━━ SOURCE INFORMATION ━━
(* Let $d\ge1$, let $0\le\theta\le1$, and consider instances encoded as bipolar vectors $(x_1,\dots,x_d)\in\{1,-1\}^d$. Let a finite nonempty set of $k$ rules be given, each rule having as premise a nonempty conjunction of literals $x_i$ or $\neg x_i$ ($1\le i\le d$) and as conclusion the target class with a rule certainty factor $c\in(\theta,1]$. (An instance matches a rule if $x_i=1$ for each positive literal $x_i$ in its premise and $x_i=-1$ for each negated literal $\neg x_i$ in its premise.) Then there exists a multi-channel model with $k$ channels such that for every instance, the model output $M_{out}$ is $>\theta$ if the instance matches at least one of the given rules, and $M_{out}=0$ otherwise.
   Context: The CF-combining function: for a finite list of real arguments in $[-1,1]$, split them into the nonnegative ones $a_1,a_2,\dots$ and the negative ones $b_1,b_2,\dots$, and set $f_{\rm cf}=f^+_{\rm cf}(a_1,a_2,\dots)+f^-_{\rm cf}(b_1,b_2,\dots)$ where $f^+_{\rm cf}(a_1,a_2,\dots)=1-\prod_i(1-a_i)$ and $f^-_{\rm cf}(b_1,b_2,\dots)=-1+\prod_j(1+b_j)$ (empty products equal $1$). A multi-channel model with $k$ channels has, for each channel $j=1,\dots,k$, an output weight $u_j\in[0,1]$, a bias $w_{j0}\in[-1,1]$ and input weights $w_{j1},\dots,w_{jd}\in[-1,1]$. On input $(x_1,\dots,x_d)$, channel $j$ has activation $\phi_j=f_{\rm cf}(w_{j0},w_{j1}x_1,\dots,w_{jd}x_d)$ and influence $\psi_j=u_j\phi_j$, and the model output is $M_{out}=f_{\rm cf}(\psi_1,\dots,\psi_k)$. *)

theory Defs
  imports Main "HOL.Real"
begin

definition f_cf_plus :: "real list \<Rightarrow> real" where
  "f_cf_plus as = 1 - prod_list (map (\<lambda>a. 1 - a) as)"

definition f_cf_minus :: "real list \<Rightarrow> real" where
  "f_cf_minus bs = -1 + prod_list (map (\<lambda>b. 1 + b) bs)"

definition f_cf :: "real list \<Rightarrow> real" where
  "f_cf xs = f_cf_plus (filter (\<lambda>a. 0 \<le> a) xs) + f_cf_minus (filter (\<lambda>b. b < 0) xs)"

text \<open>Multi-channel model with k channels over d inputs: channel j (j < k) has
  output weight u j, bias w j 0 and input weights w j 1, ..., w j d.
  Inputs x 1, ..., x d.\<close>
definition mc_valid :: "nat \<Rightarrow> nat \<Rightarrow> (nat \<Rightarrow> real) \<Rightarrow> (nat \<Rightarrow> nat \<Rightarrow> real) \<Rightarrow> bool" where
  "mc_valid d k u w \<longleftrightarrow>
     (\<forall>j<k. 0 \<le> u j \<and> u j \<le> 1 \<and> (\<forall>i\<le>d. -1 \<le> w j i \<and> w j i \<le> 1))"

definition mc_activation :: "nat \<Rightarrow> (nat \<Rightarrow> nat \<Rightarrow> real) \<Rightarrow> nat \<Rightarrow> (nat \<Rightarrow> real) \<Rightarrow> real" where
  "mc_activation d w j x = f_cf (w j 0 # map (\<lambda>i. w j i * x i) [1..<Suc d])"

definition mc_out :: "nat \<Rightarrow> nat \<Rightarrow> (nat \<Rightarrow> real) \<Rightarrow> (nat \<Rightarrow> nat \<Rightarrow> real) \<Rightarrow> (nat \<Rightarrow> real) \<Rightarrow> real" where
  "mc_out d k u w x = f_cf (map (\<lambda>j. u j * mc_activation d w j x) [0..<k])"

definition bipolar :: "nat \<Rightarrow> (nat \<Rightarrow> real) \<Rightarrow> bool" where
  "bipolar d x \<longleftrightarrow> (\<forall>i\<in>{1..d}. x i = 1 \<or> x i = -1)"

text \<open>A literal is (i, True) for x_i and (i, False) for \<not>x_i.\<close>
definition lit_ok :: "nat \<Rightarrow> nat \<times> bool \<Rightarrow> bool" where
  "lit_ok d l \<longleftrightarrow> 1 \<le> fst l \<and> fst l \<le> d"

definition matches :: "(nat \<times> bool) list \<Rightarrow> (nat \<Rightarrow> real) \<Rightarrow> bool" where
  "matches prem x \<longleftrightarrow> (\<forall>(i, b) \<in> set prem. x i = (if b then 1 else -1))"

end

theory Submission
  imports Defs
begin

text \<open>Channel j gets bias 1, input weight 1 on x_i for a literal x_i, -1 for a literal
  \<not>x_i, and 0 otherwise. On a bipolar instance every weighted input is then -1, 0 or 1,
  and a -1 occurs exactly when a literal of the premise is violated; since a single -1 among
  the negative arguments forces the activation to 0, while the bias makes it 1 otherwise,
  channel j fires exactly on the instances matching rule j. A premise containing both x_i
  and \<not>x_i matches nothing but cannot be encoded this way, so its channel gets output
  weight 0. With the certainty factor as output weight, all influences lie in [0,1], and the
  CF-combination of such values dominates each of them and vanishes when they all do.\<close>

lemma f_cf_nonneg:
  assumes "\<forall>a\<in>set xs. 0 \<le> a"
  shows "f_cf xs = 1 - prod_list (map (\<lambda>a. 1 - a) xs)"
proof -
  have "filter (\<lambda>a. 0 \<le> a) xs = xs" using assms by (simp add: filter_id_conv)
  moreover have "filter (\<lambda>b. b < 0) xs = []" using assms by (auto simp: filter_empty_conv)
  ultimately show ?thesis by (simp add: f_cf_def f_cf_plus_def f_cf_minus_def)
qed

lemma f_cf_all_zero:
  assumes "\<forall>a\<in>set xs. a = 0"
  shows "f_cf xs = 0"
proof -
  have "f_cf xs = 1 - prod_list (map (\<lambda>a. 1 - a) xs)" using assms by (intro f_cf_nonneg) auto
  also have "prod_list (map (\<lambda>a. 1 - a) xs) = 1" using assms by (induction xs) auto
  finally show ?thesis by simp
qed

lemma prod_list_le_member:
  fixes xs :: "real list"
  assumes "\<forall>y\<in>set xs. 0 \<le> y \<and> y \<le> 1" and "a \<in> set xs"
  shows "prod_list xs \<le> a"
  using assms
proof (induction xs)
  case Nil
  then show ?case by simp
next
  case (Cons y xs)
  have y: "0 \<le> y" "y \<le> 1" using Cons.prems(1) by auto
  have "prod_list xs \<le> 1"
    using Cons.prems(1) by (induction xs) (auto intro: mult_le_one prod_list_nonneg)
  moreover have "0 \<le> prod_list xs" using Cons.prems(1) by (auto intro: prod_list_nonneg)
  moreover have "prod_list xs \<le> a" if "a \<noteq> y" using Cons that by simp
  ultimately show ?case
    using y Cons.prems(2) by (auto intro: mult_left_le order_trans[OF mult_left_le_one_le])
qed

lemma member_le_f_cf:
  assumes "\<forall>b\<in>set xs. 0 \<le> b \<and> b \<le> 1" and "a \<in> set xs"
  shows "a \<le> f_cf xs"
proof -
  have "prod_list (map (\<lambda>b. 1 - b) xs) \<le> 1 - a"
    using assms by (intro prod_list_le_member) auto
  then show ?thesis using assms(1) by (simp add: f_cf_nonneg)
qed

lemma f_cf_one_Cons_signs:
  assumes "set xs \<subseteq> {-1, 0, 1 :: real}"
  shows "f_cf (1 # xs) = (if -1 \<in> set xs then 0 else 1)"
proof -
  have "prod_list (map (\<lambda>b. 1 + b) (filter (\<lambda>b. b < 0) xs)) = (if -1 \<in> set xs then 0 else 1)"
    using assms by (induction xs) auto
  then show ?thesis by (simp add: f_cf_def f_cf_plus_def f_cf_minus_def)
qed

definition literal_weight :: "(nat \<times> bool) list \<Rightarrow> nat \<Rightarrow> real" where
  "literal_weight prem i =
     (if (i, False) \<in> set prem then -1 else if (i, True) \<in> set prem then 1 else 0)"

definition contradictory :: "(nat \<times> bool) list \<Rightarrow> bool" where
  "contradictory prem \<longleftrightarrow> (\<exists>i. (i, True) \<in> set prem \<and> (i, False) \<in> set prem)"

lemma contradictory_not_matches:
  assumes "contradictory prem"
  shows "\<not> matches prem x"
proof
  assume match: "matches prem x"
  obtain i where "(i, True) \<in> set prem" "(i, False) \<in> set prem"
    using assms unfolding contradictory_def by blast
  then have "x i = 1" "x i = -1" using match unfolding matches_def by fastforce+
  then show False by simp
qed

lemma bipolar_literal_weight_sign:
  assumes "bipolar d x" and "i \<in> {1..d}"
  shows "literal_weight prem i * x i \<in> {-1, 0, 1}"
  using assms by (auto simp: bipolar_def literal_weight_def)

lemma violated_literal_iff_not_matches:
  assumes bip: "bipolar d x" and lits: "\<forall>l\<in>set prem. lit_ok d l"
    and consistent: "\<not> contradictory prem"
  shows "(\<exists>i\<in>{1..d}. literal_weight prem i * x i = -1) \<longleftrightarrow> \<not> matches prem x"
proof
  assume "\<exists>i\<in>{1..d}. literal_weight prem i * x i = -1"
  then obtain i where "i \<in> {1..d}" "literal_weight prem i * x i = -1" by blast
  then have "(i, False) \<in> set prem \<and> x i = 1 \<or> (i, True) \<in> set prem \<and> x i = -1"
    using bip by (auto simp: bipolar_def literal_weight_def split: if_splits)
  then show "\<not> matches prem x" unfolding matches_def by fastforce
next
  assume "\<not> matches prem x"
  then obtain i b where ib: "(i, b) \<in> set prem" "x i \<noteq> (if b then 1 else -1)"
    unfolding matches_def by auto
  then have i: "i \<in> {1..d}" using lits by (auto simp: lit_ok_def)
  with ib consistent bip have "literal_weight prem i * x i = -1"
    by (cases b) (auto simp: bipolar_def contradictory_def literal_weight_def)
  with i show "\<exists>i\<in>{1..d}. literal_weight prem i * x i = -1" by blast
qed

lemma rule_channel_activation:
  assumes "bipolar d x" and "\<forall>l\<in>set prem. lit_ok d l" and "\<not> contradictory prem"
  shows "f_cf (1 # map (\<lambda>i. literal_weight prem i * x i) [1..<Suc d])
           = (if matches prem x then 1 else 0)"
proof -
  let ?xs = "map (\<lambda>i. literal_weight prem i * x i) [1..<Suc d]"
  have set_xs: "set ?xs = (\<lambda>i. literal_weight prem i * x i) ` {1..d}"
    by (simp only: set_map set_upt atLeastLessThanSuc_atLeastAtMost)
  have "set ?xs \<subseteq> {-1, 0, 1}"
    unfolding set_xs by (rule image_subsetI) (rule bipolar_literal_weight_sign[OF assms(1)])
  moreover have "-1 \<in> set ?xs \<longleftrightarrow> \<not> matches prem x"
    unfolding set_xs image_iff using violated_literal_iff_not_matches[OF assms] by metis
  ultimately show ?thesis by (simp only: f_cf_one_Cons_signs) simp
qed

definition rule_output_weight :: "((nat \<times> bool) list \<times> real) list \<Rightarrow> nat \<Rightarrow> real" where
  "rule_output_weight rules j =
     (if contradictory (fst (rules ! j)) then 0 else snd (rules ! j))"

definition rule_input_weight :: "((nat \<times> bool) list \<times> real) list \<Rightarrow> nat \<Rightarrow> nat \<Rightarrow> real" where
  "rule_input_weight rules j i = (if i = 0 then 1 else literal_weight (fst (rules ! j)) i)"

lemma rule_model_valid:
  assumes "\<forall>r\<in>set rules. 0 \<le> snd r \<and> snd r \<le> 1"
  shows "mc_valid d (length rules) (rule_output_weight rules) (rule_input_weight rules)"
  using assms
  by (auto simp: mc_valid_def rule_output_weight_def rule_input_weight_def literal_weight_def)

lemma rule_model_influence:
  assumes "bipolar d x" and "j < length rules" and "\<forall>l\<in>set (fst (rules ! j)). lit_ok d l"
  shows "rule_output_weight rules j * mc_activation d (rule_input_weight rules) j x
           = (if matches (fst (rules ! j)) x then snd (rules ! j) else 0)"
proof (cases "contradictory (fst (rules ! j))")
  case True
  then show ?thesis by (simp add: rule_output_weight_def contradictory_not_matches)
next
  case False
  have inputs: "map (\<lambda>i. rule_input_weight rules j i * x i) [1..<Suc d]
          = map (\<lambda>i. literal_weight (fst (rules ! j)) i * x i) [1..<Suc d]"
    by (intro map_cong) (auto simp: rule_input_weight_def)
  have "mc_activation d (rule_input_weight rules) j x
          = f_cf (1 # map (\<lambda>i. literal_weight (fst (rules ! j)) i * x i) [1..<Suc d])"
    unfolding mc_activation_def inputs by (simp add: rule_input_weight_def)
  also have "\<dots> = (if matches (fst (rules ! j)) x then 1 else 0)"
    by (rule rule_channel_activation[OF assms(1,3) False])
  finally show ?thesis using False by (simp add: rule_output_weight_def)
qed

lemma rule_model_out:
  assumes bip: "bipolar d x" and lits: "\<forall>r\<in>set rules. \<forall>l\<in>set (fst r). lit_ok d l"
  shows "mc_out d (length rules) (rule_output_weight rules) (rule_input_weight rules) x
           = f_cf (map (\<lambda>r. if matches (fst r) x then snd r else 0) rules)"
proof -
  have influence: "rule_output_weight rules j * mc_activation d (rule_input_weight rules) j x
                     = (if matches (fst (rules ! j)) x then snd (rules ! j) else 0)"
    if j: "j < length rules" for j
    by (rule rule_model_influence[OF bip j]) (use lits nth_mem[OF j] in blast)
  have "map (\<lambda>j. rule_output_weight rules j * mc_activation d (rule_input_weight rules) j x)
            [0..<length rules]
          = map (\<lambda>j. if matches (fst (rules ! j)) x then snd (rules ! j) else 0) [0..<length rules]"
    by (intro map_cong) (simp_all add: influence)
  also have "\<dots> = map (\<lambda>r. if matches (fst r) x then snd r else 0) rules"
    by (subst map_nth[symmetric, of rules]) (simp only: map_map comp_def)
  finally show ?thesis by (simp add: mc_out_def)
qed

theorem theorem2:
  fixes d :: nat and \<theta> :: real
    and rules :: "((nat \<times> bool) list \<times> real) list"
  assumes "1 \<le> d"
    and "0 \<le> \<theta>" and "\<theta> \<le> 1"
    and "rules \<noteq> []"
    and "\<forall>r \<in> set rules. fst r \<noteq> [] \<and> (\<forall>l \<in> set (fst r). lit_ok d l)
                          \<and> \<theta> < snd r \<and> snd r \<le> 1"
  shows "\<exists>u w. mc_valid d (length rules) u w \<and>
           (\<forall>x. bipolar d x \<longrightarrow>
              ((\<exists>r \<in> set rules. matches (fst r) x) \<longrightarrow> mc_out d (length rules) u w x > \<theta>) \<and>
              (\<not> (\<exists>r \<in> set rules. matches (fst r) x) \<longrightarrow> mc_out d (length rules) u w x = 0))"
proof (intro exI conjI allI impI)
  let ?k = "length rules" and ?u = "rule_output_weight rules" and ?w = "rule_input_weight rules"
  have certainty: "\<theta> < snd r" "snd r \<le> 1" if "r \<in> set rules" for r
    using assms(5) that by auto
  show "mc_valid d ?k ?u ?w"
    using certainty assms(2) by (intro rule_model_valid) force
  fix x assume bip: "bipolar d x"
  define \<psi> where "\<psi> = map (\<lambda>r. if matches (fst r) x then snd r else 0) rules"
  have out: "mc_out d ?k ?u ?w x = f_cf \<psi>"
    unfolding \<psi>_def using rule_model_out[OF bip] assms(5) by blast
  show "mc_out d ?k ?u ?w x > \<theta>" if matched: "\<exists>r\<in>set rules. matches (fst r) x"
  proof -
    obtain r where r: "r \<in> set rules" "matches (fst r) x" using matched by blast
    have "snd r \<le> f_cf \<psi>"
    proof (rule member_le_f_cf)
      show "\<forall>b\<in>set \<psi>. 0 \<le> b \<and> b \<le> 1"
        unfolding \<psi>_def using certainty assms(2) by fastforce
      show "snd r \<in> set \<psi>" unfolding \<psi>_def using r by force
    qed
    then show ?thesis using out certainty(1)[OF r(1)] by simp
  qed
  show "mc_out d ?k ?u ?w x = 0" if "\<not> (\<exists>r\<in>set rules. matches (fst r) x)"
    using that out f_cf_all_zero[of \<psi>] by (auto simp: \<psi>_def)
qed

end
━━━
━━ SOURCE INFORMATION ━━
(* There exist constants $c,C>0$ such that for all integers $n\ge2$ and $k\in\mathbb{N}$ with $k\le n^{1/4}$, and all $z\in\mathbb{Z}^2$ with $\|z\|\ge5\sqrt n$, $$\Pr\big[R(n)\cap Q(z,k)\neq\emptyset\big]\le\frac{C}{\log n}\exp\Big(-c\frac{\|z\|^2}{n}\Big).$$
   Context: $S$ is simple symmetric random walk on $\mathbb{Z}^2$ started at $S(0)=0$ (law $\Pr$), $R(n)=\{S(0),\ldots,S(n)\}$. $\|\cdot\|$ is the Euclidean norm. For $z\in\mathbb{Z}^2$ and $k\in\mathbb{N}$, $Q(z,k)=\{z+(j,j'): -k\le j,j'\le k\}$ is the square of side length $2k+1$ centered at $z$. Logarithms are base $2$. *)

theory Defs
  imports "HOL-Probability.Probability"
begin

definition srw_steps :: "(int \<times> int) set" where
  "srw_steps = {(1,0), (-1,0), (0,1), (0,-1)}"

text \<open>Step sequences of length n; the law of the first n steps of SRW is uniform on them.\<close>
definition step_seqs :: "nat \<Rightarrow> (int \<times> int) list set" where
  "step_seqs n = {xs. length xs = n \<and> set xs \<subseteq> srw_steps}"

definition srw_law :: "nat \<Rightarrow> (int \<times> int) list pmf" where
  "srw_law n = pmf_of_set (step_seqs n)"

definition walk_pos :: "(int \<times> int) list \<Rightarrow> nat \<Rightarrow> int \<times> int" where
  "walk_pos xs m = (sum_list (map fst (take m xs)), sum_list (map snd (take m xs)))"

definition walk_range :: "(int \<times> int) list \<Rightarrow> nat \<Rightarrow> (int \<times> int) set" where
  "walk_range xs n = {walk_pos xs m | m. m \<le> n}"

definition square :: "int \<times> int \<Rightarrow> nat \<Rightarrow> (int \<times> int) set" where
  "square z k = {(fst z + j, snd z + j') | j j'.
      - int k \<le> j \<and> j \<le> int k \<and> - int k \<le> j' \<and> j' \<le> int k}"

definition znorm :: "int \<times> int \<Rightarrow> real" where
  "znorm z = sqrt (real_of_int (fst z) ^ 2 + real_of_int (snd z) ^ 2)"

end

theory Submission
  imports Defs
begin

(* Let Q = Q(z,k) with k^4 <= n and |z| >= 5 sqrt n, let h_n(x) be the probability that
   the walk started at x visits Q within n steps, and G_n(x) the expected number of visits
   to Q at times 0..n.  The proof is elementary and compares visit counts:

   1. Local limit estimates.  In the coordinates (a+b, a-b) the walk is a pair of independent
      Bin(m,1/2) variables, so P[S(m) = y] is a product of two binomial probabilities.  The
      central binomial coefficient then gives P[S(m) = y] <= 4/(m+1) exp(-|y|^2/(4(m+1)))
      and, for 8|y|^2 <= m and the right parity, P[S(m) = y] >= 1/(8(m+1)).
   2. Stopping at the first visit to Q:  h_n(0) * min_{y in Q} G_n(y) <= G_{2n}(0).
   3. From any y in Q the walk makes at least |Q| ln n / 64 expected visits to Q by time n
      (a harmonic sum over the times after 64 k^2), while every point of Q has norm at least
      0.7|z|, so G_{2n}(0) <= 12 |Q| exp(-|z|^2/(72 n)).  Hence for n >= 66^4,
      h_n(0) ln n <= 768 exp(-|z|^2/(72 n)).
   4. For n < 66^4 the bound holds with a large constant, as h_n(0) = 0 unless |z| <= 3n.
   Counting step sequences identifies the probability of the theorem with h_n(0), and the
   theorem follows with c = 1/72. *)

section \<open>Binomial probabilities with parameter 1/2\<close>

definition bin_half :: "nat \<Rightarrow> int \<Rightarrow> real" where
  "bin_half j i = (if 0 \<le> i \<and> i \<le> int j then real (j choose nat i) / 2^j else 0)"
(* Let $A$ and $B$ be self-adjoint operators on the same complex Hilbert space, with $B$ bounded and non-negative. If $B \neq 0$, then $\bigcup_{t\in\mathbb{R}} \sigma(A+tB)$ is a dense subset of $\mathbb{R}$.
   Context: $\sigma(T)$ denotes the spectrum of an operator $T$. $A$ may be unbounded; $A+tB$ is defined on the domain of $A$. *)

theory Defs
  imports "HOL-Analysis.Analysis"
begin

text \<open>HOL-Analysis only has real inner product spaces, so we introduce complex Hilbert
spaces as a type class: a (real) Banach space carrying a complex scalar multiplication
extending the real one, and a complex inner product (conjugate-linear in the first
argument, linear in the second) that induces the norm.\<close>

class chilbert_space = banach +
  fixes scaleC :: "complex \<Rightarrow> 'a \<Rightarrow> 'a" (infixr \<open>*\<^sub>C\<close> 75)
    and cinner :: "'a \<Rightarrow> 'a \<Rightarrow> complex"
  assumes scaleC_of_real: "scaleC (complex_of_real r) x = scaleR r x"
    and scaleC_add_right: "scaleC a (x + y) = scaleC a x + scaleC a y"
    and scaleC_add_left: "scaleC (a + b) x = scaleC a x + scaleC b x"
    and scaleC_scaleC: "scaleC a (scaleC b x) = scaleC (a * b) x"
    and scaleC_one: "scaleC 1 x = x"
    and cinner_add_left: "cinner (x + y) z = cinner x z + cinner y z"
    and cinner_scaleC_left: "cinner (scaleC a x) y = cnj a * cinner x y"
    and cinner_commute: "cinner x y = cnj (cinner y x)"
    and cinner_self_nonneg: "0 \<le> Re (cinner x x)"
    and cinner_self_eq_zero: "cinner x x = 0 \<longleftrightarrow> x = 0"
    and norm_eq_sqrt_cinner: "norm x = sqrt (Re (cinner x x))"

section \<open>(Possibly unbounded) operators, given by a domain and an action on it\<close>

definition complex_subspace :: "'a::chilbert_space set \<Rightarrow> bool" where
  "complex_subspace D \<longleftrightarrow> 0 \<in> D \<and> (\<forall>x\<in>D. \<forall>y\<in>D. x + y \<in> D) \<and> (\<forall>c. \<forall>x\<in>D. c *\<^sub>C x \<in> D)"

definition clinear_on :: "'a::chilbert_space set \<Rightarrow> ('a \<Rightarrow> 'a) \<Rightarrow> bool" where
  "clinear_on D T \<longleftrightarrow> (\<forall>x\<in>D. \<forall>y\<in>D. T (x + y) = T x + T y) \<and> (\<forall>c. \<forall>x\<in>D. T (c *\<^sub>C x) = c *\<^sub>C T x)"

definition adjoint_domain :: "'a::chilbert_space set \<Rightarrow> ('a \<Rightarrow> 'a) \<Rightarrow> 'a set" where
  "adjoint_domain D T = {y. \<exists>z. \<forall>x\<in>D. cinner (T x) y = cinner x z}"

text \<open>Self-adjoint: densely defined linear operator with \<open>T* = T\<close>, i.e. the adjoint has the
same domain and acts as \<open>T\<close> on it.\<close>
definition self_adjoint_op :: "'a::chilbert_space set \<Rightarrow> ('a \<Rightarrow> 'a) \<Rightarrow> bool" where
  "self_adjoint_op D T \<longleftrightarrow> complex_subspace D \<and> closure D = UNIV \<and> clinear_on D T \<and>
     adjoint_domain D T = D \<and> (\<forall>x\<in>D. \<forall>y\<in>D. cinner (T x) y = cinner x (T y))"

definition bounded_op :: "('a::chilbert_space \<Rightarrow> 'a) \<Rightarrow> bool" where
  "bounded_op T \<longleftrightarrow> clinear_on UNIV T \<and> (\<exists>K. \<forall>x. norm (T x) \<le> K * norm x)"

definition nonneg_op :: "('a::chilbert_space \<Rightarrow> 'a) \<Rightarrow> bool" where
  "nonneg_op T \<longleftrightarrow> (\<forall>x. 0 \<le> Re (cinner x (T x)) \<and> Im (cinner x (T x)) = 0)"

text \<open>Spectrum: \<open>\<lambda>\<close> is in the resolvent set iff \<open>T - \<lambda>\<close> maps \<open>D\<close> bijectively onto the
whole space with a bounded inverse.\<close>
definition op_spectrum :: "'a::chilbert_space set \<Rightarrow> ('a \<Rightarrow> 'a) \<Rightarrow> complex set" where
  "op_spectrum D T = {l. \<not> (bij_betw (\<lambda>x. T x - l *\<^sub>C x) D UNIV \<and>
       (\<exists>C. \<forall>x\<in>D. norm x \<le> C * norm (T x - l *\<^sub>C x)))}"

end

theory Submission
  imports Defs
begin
━━━
Looking at the records, state how many lines contain "Context" and write nothing besides that number.

3